Grackles produce various sounds, ranging from harsh, guttural calls to melodic and whistle-like songs. Starlings are known for their extraordinary mimicry abilities, imitating the sounds of other birds, animals, and even human-made noises. Their typical vocalizing consists of clicks, whistles, and trills.
Do grackles and starlings have similar behavior?
Both grackles and starlings are social birds, often found in large groups called flocks or murmurations. They are known to be adaptable and thrive in various environments, including urban and suburban areas.
However, grackles are more likely to display aggressive behavior, especially towards other bird species, whereas starlings are less aggressive. But remember that during the breeding season, Starlings can also become aggressive.
Why are both grackles and starlings considered nuisance birds?
Grackles and starlings are often considered nuisance birds due to their large numbers, adaptability, and tendency to damage crops or gardens. Their flocks create noise and can sometimes be messy, particularly around trash cans and bird feeders.

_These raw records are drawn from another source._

(* Let $A = A_s + A_i\epsilon\in\mathbb{DR}^{m\times n}$ with $m\ge n$, let $k\le\min(m,n)$, and suppose $A_sP_s = Q_sR_s$, where $P_s\in\mathbb{R}^{n\times n}$ is a permutation matrix, $Q_s\in\mathbb{R}^{m\times k}$ has orthonormal columns, and $R_s = (r_{s_{ij}})\in\mathbb{R}^{k\times n}$ is upper trapezoidal (i.e. $r_{s_{ij}}=0$ for $i>j$) with $r_{s_{jj}}\neq 0$ for $j=1,\dots,k$. Then there exist $Q_i\in\mathbb{R}^{m\times k}$ and $R_i\in\mathbb{R}^{k\times n}$ such that $Q = Q_s + Q_i\epsilon$ satisfies $Q^{\top}Q = I_k$, $R = R_s + R_i\epsilon$ is upper trapezoidal, and $AP_s = QR$, if and only if $$(I_m - Q_sQ_s^{\top})A_iP_s(I_n - R_s^{\dagger}R_s) = O_{m\times n}.$$ In that case one such decomposition is obtained as follows: put $B = Q_s^{\top}A_iP_s = [b_1,\dots,b_n]$, define $P\in\mathbb{R}^{k\times k}$ with zero diagonal, strictly lower triangular part $$p_1(2{:}k) = b_1(2{:}k)/r_{s_{11}},\qquad p_j(j{+}1{:}k) = \Big(b_j(j{+}1{:}k) - \sum_{t=1}^{j-1} r_{s_{tj}}\,p_t(j{+}1{:}k)\Big)\Big/r_{s_{jj}},\quad j=2,\dots,k-1,$$ and $P^{\top}=-P$, and set $$Q_i = (I_m - Q_sQ_s^{\top})A_iP_sR_s^{\dagger} + Q_sP,\qquad R_i = Q_s^{\top}A_iP_s - PR_s.$$
   Context: A dual number is $a = a_s + a_i\epsilon$ with $a_s,a_i\in\mathbb{R}$, where $\epsilon^2=0$, $\epsilon\neq 0$; $\mathbb{DR}^{m\times n}$ denotes the set of dual matrices $A = A_s + A_i\epsilon$ with $A_s, A_i\in\mathbb{R}^{m\times n}$. Products use $\epsilon^2=0$: $(A_s+A_i\epsilon)(B_s+B_i\epsilon) = A_sB_s + (A_sB_i + A_iB_s)\epsilon$. The transpose is $A^{\top}=A_s^{\top}+A_i^{\top}\epsilon$. A dual matrix is upper trapezoidal if both its standard and infinitesimal parts are upper trapezoidal (zero below the main diagonal). $M^{\dagger}$ denotes the Moore–Penrose pseudoinverse of a real matrix $M$. For a vector $v$, $v(a{:}b)$ is the subvector of entries $a$ through $b$. (In the paper, $A_sP_s=Q_sR_s$ arises from a randomized QR decomposition with column pivoting, but only the stated factorization properties are used.) *)

theory Defs
  imports "Jordan_Normal_Form.Matrix" "HOL-Combinatorics.Permutations"
begin

text \<open>Dual matrices A = A_s + A_i eps are represented as pairs (A_s, A_i) of real matrices.\<close>
type_synonym dmat = "real mat \<times> real mat"

definition dual_mult :: "dmat \<Rightarrow> dmat \<Rightarrow> dmat" where
  "dual_mult A B = (fst A * fst B, fst A * snd B + snd A * fst B)"

definition dual_transpose :: "dmat \<Rightarrow> dmat" where
  "dual_transpose A = (transpose_mat (fst A), transpose_mat (snd A))"

definition upper_trapezoidal :: "real mat \<Rightarrow> bool" where
  "upper_trapezoidal M \<longleftrightarrow> (\<forall>i<dim_row M. \<forall>j<dim_col M. j < i \<longrightarrow> M $$ (i, j) = 0)"

definition dual_upper_trapezoidal :: "dmat \<Rightarrow> bool" where
  "dual_upper_trapezoidal A \<longleftrightarrow> upper_trapezoidal (fst A) \<and> upper_trapezoidal (snd A)"

definition permutation_mat :: "nat \<Rightarrow> real mat \<Rightarrow> bool" where
  "permutation_mat n P \<longleftrightarrow> (\<exists>p. p permutes {0..<n} \<and>
      P = mat n n (\<lambda>(i, j). if i = p j then 1 else 0))"
lemma approx_preimage_series:
  fixes T :: "'a::real_normed_vector \<Rightarrow> 'b::real_normed_vector"
  assumes S: "subspace S" and T: "linear T" and \<delta>: "\<delta> > 0"
    and apx: "\<forall>z\<in>T ` S. \<forall>\<eta>>0. \<exists>s\<in>S. norm s \<le> norm z / \<delta> \<and> norm (z - T s) < \<eta>"
    and z: "z \<in> T ` S"
  obtains ss where "\<And>k. ss k \<in> S" "\<And>k. norm (ss k) \<le> (norm z / \<delta>) * (1/2) ^ k"
    "\<And>n. norm (z - T (\<Sum>i<n. ss i)) \<le> norm z / 2 ^ n"
proof (cases "z = 0")
  case True
  then show ?thesis using S T by (intro that[of "\<lambda>_. 0"]) (auto simp: subspace_0 linear_0)
next
  case False
  have Rsub: "subspace (T ` S)" using S T linear_subspace_image by blast
  define g where "g w \<eta> = (SOME s. s \<in> S \<and> norm s \<le> norm w / \<delta> \<and> norm (w - T s) < \<eta>)" for w \<eta>
  have g: "g w \<eta> \<in> S \<and> norm (g w \<eta>) \<le> norm w / \<delta> \<and> norm (w - T (g w \<eta>)) < \<eta>"
    if "w \<in> T ` S" "\<eta> > 0" for w \<eta>
  proof -
    from apx that obtain s where "s \<in> S \<and> norm s \<le> norm w / \<delta> \<and> norm (w - T s) < \<eta>" by blast
    then show ?thesis unfolding g_def by (rule someI)
  qed
  \<comment> \<open>zs k is the residual after k corrections; each correction halves the admissible error.\<close>
  define zs where "zs = rec_nat z (\<lambda>k w. w - T (g w (norm z / 2 ^ Suc k)))"
  define ss where "ss k = g (zs k) (norm z / 2 ^ Suc k)" for k
  have zs0: "zs 0 = z" and zsS: "zs (Suc k) = zs k - T (ss k)" for k
    unfolding zs_def ss_def by simp_all
  have nz: "norm z > 0" using False by simp
  have inv: "zs k \<in> T ` S \<and> norm (zs k) \<le> norm z / 2 ^ k" for k
  proof (induction k)
    case 0 then show ?case using zs0 z by simp
  next
    case (Suc k)
    have gk: "ss k \<in> S" "norm (zs k - T (ss k)) < norm z / 2 ^ Suc k"
      unfolding ss_def using g[of "zs k" "norm z / 2 ^ Suc k"] Suc nz by simp_all
    then show ?case unfolding zsS using Suc.IH Rsub by (auto intro: subspace_diff)
  qed
  show ?thesis
  proof
    fix k
    have gk: "ss k \<in> S \<and> norm (ss k) \<le> norm (zs k) / \<delta>"
      unfolding ss_def using g[of "zs k" "norm z / 2 ^ Suc k"] inv[of k] nz by simp
    then show "ss k \<in> S" by simp
    have "norm (ss k) \<le> (norm z / 2 ^ k) / \<delta>"
      using gk inv[of k] \<delta> by (meson divide_right_mono less_imp_le order_trans)
    then show "norm (ss k) \<le> (norm z / \<delta>) * (1/2) ^ k" by (simp add: power_one_over mult.commute)
  next
    fix n
    have "T (\<Sum>i<n. ss i) = z - zs n"
      by (induction n) (simp_all add: zs0 zsS linear_0[OF T] linear_add[OF T])
    then show "norm (z - T (\<Sum>i<n. ss i)) \<le> norm z / 2 ^ n" using inv[of n] by simp
  qed
qed

lemma closed_range_exact_preimage:
  fixes T :: "'a::banach \<Rightarrow> 'b::real_normed_vector"
  assumes S: "subspace S" "closed S" and T: "bounded_linear T" and \<delta>: "\<delta> > 0"
    and apx: "\<forall>z\<in>T ` S. \<forall>\<eta>>0. \<exists>s\<in>S. norm s \<le> norm z / \<delta> \<and> norm (z - T s) < \<eta>"
    and z: "z \<in> T ` S"
  shows "\<exists>s\<in>S. norm s \<le> 2 * norm z / \<delta> \<and> T s = z"
proof -
  interpret T: bounded_linear T by fact
  obtain ss where ssS: "\<And>k. ss k \<in> S" and ssn: "\<And>k. norm (ss k) \<le> (norm z / \<delta>) * (1/2) ^ k"
    and res: "\<And>n. norm (z - T (\<Sum>i<n. ss i)) \<le> norm z / 2 ^ n"
    using approx_preimage_series[OF S(1) T.linear_axioms \<delta> apx z] by metis
  have geo: "summable (\<lambda>k. (norm z / \<delta>) * (1/2::real) ^ k)"
    by (intro summable_mult summable_geometric) simp
  have sn: "summable (\<lambda>k. norm (ss k))"
    by (rule summable_comparison_test[OF _ geo]) (use ssn in auto)
  define s where "s = suminf ss"
  have lim: "(\<lambda>n. \<Sum>i<n. ss i) \<longlonglongrightarrow> s"
    unfolding s_def by (rule summable_LIMSEQ[OF summable_norm_cancel[OF sn]])
  have "s \<in> S"
    by (rule closed_sequentially[OF S(2) _ lim]) (use S(1) ssS in \<open>simp add: subspace_sum\<close>)
  moreover have "norm s \<le> 2 * norm z / \<delta>"
  proof -
    have "norm s \<le> (\<Sum>k. norm (ss k))" unfolding s_def using sn by (rule summable_norm)
    also have "\<dots> \<le> (\<Sum>k. (norm z / \<delta>) * (1/2::real) ^ k)"
      using sn geo ssn by (intro suminf_le) auto
    also have "\<dots> = (norm z / \<delta>) * (\<Sum>k. (1/2::real) ^ k)"
      by (rule suminf_mult) (rule summable_geometric, simp)
    also have "\<dots> = 2 * norm z / \<delta>" by (subst suminf_geometric) auto
    finally show ?thesis .
  qed
  moreover have "T s = z"
  proof -
    have "(\<lambda>n. z - T (\<Sum>i<n. ss i)) \<longlonglongrightarrow> z - T s"
      by (rule tendsto_diff[OF tendsto_const T.tendsto[OF lim]])
    moreover have "(\<lambda>n. norm z / 2 ^ n) \<longlonglongrightarrow> 0" by (rule LIMSEQ_divide_realpow_zero) simp
    then have "(\<lambda>n. z - T (\<Sum>i<n. ss i)) \<longlonglongrightarrow> 0"
      by (rule Lim_null_comparison[rotated]) (use res in simp)
    ultimately show ?thesis using LIMSEQ_unique by fastforce
  qed
  ultimately show ?thesis by blast
qed
definition branch :: "'a set \<Rightarrow> ('a \<Rightarrow> 'a \<Rightarrow> 'a) \<Rightarrow> 'a \<Rightarrow> 'a \<Rightarrow> 'a set" where
  "branch X m e a = {x \<in> X. bcc_le m e a x}"

definition same_branch :: "'a set \<Rightarrow> ('a \<Rightarrow> 'a \<Rightarrow> 'a) \<Rightarrow> 'a \<Rightarrow> 'a \<Rightarrow> 'a \<Rightarrow> bool" where
  "same_branch X m e x y \<longleftrightarrow>
     (\<exists>a\<in>minimal_elems X m e. x \<in> branch X m e a \<and> y \<in> branch X m e a)"

definition solid :: "'a set \<Rightarrow> ('a \<Rightarrow> 'a \<Rightarrow> 'a) \<Rightarrow> 'a \<Rightarrow> bool" where
  "solid X m e \<longleftrightarrow>
     (\<forall>x\<in>X. \<forall>y\<in>X. \<forall>z\<in>X. same_branch X m e x y \<longrightarrow> m (m x y) z = m (m x z) y)"

definition branchwise_commutative :: "'a set \<Rightarrow> ('a \<Rightarrow> 'a \<Rightarrow> 'a) \<Rightarrow> 'a \<Rightarrow> bool" where
  "branchwise_commutative X m e \<longleftrightarrow>
     (\<forall>x\<in>X. \<forall>y\<in>X. same_branch X m e x y \<longrightarrow> m x (m x y) = m y (m y x))"

end

theory Submission imports Defs begin

text \<open>Two elements lie in a common branch iff \<open>0 \<star> x = 0 \<star> y\<close>, the branch of \<open>x\<close> being
  initiated by \<open>0 \<star> (0 \<star> x)\<close>. On a branch, solidity makes \<open>x \<star> (x \<star> y)\<close> a lower bound of
  \<open>x\<close> and \<open>y\<close> with \<open>x \<star> (x \<star> (x \<star> y)) = x \<star> y\<close>; all four conditions then say that this
  lower bound is symmetric in \<open>x\<close> and \<open>y\<close>, and the equivalences follow by antisymmetry.\<close>

locale weak_bcc =
  fixes X :: "'a set" and m :: "'a \<Rightarrow> 'a \<Rightarrow> 'a" (infixl "\<star>" 70) and zero :: 'a ("\<zero>")
  assumes zero_closed: "\<zero> \<in> X"
    and mult_closed: "\<And>x y. x \<in> X \<Longrightarrow> y \<in> X \<Longrightarrow> x \<star> y \<in> X"
    and bcc_axiom: "\<And>x y z. x \<in> X \<Longrightarrow> y \<in> X \<Longrightarrow> z \<in> X \<Longrightarrow> ((x \<star> y) \<star> (z \<star> y)) \<star> (x \<star> z) = \<zero>"
    and mult_self: "\<And>x. x \<in> X \<Longrightarrow> x \<star> x = \<zero>"
    and mult_zero_right: "\<And>x. x \<in> X \<Longrightarrow> x \<star> \<zero> = x"
    and le_antisym: "\<And>x y. x \<in> X \<Longrightarrow> y \<in> X \<Longrightarrow> x \<star> y = \<zero> \<Longrightarrow> y \<star> x = \<zero> \<Longrightarrow> x = y"
begin
(* Let $\mathcal{M},\mathcal{N}\subset\mathbb{R}^n$ satisfy the regularity assumption at $\bar x\in\mathcal{M}\cap\mathcal{N}$ and let $S=(1-\alpha)I+\alpha\Pi^{\alpha_2}_{\mathcal{M}}\Pi^{\alpha_1}_{\mathcal{N}}$ be the generalized alternating projections operator. Then the Jacobian of $S$ at $\bar x$ is $$DS(\bar x) = (1-\alpha)I+\alpha\Pi^{\alpha_2}_{T_{\mathcal{M}}(\bar x)}\Pi^{\alpha_1}_{T_{\mathcal{N}}(\bar x)}.$$
   Context: $\Pi_C$ is the projection onto $C$ and $\Pi_C^\alpha := (1-\alpha)I+\alpha\Pi_C$. A set $\mathcal{M}$ is a $\mathcal{C}^k$-manifold around $x$ if there is an open $U\ni x$ with $\mathcal{M}\cap U=\{y:F(y)=0\}$ for a $\mathcal{C}^k$ map $F:U\to\mathbb{R}^d$ with surjective derivative throughout $U$; $T_{\mathcal{M}}(x)=\ker DF(x)$. Regularity assumption at $x$: $\mathcal{M},\mathcal{N}$ are $\mathcal{C}^k$-smooth manifolds ($k\ge2$) around $x\in\mathcal{M}\cap\mathcal{N}$, $\mathcal{M}\cap\mathcal{N}$ is a $\mathcal{C}^k$ manifold around $x$, and $T_{\mathcal{M}\cap\mathcal{N}}(x)=T_{\mathcal{M}}(x)\cap T_{\mathcal{N}}(x)$. *)

theory Defs
  imports "HOL-Analysis.Analysis"
begin

text \<open>Iterated directional (Frechet) derivatives: iter_deriv F [v1,...,vj] y = D^j F(y)[v1,...,vj].\<close>
fun iter_deriv :: "('a::real_normed_vector \<Rightarrow> 'b::real_normed_vector) \<Rightarrow> 'a list \<Rightarrow> 'a \<Rightarrow> 'b" where
  "iter_deriv F [] = F"
| "iter_deriv F (v # vs) = (\<lambda>y. frechet_derivative (iter_deriv F vs) (at y) v)"

definition C_k_on :: "nat \<Rightarrow> 'a::real_normed_vector set \<Rightarrow> ('a \<Rightarrow> 'b::real_normed_vector) \<Rightarrow> bool" where
  "C_k_on k U F \<longleftrightarrow>
     (\<forall>vs. length vs \<le> k \<longrightarrow> continuous_on U (iter_deriv F vs)
        \<and> (length vs < k \<longrightarrow> iter_deriv F vs differentiable_on U))"

text \<open>A local defining chart of M around x: F : U \<rightarrow> V (V a linear subspace, playing the role of R^d),
  C^k, with surjective derivative onto V throughout U, and M \<inter> U = F^{-1}(0).\<close>
definition manifold_chart :: "nat \<Rightarrow> 'a::euclidean_space set \<Rightarrow> 'a \<Rightarrow> 'a set \<Rightarrow> ('a \<Rightarrow> 'a) \<Rightarrow> 'a set \<Rightarrow> bool" where
  "manifold_chart k M x U F V \<longleftrightarrow>
     open U \<and> x \<in> U \<and> subspace V \<and> C_k_on k U F \<and>
     (\<forall>y\<in>U. F y \<in> V \<and> F differentiable (at y) \<and> range (frechet_derivative F (at y)) = V) \<and>
     M \<inter> U = {y \<in> U. F y = 0}"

What are some ways to deter grackles and starlings?
To deter grackles and starlings from your property, try using bird feeders designed to exclude these species, such as tube feeders with small perches. Make trash cans and compost bins less accessible to them by securing lids tightly. You can place reflective tape or plastic bird spikes on surfaces where they like to perch.
Are there any benefits to having grackles and starlings around?
Despite their reputation, grackles and starlings can be beneficial for the ecosystem. They help control insect populations and can disperse seeds, contributing to plant diversity. Additionally, their dynamic flocks and intricate songs can be fascinating to observe and appreciate.